## Your goal
For the material below, return exactly the lines starting at the line containing "add: y_def algebra_simps)" and ending at the line containing "using c by simp", both ends included, and no others.

## Provided material
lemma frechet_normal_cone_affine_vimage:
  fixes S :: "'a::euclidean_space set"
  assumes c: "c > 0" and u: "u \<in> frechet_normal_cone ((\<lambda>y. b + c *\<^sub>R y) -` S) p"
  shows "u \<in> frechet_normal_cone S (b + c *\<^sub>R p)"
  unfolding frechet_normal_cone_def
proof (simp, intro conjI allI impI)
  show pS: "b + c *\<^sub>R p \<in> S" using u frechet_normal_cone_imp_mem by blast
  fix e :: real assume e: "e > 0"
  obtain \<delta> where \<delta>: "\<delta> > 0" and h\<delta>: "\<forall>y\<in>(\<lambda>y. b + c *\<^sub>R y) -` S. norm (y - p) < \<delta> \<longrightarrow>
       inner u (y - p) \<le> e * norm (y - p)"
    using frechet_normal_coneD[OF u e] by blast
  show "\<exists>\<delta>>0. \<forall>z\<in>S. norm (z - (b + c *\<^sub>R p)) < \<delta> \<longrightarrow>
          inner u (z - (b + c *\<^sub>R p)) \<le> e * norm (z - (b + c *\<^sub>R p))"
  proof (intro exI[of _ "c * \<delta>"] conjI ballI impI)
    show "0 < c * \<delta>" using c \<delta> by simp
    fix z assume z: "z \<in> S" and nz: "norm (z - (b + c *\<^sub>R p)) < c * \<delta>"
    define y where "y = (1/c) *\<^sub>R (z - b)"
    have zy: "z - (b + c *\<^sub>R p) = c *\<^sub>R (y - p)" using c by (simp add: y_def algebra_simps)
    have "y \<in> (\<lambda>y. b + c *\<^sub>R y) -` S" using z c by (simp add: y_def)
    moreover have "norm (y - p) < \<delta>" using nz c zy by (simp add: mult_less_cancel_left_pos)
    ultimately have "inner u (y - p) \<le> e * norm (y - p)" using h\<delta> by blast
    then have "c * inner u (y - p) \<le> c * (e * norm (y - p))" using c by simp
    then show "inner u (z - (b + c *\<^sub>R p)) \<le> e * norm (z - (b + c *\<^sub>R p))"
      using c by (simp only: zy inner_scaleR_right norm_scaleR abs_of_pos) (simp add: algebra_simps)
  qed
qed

...

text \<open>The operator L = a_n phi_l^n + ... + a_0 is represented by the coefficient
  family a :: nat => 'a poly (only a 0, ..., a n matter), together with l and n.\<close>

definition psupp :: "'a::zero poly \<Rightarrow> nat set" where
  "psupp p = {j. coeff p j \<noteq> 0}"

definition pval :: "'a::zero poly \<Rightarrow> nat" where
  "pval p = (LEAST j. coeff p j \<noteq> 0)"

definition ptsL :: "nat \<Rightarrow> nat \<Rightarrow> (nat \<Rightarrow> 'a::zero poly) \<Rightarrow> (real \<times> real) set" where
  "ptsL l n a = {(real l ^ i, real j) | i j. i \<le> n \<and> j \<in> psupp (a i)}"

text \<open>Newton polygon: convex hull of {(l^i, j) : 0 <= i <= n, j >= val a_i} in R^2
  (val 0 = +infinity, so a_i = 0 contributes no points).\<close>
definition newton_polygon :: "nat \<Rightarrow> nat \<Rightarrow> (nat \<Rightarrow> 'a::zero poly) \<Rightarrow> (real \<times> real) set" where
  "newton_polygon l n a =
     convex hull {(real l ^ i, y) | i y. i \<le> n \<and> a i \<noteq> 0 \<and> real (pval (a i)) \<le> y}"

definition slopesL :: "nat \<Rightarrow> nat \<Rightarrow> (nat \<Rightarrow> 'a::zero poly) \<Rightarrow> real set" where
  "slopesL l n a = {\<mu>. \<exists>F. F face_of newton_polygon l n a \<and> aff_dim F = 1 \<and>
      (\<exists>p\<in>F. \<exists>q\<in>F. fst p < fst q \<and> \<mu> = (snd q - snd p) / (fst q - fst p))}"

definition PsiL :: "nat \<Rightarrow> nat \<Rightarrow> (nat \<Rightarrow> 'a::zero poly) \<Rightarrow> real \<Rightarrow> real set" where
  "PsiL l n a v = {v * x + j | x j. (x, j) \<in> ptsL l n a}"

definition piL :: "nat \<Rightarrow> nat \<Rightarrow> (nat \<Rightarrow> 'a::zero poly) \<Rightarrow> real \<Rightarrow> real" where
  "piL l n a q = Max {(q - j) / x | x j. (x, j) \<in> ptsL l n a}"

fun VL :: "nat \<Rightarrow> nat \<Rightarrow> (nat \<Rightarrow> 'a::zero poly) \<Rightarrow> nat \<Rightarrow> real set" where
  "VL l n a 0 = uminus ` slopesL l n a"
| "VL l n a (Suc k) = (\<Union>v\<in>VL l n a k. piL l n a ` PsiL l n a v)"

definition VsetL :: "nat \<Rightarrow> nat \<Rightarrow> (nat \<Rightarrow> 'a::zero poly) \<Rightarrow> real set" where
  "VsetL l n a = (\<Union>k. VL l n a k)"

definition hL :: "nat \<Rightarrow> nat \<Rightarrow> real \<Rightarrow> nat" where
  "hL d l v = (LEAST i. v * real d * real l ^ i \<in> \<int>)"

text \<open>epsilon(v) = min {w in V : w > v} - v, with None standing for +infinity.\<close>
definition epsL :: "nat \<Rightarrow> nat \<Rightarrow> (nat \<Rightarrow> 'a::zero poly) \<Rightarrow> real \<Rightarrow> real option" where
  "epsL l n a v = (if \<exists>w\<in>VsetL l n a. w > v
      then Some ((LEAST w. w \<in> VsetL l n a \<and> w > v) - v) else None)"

## Task result
    have zy: "z - (b + c *\<^sub>R p) = c *\<^sub>R (y - p)" using c by (simp add: y_def algebra_simps)
    have "y \<in> (\<lambda>y. b + c *\<^sub>R y) -` S" using z c by (simp add: y_def)
    moreover have "norm (y - p) < \<delta>" using nz c zy by (simp add: mult_less_cancel_left_pos)
    ultimately have "inner u (y - p) \<le> e * norm (y - p)" using h\<delta> by blast
    then have "c * inner u (y - p) \<le> c * (e * norm (y - p))" using c by simp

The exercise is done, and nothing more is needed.